Lines before the one containing "nat) \<Rightarrow> nat" in the records below are to be left out; that line and all after it, through the end, are to be retyped exactly.

◆ Record set ◆
::::::::

(* For $n\ge 2$ let $s_n$ be the number of symmetry classes of bi-vincular patterns of length $n$. Writing $n=4m+r$ with $r\in\{0,1,2,3\}$, we have \begin{align*} s_{4m}&=2^{6m-1}(2m)!+2^{8m-1}(4m)!+2^{4m-1}I(4m)+2^{2m}\frac{(2m-1)!}{(m-1)!},\\ s_{4m+1}&=2^{6m-1}(2m)!+2^{8m+1}(4m+1)!+2^{4m}I(4m+1)+2^{2m}\frac{(2m-1)!}{(m-1)!},\\ s_{4m+2}&=2^{6m+2}(2m+1)!+2^{8m+3}(4m+2)!+2^{4m+1}I(4m+2),\\ s_{4m+3}&=2^{6m+2}(2m+1)!+2^{8m+5}(4m+3)!+2^{4m+2}I(4m+3), \end{align*} where $I(n)=\sum_{k=0}^{\lfloor n/2\rfloor}\frac{n!}{k!\,(n-2k)!\,2^k}$ is the number of involutions of $[n]$.
   Context: A bi-vincular pattern of length $k$ is a triple $p=(\sigma,X,Y)$ with $\sigma$ a permutation of $[k]=\{1,\dots,k\}$ and $X,Y\subseteq\{0,1,\dots,k\}$; there are $4^{k+1}k!$ of them. For such $p$ define $p^{i}=(\sigma^{-1},Y,X)$, $p^{r}=(\sigma^{r},\{k-x:x\in X\},Y)$, $p^{c}=(\sigma^{c},X,\{k-y:y\in Y\})$, where $\sigma^{-1}$ is the inverse permutation, $\sigma^r_j=\sigma_{k+1-j}$ and $\sigma^c_j=k+1-\sigma_j$. Two patterns are in the same symmetry class if one is obtained from the other by applying a finite sequence of the maps $p\mapsto p^i,p^r,p^c$. *)

theory Defs
  imports "HOL-Combinatorics.Permutations"
begin

type_synonym bvpat = "(nat \<Rightarrow> nat) \<times> nat set \<times> nat set"

definition bvpats :: "nat \<Rightarrow> bvpat set" where
  "bvpats k = {(\<sigma>, X, Y). \<sigma> permutes {1..k} \<and> X \<subseteq> {0..k} \<and> Y \<subseteq> {0..k}}"

definition rev_perm :: "nat \<Rightarrow> (nat \<Rightarrow> nat) \<Rightarrow> nat \<Rightarrow> nat" where
  "rev_perm k \<sigma> j = (if j \<in> {1..k} then \<sigma> (k + 1 - j) else j)"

::::::::

◆ Answer to the problem ◆
definition rev_perm :: "nat \<Rightarrow> (nat \<Rightarrow> nat) \<Rightarrow> nat \<Rightarrow> nat" where
  "rev_perm k \<sigma> j = (if j \<in> {1..k} then \<sigma> (k + 1 - j) else j)"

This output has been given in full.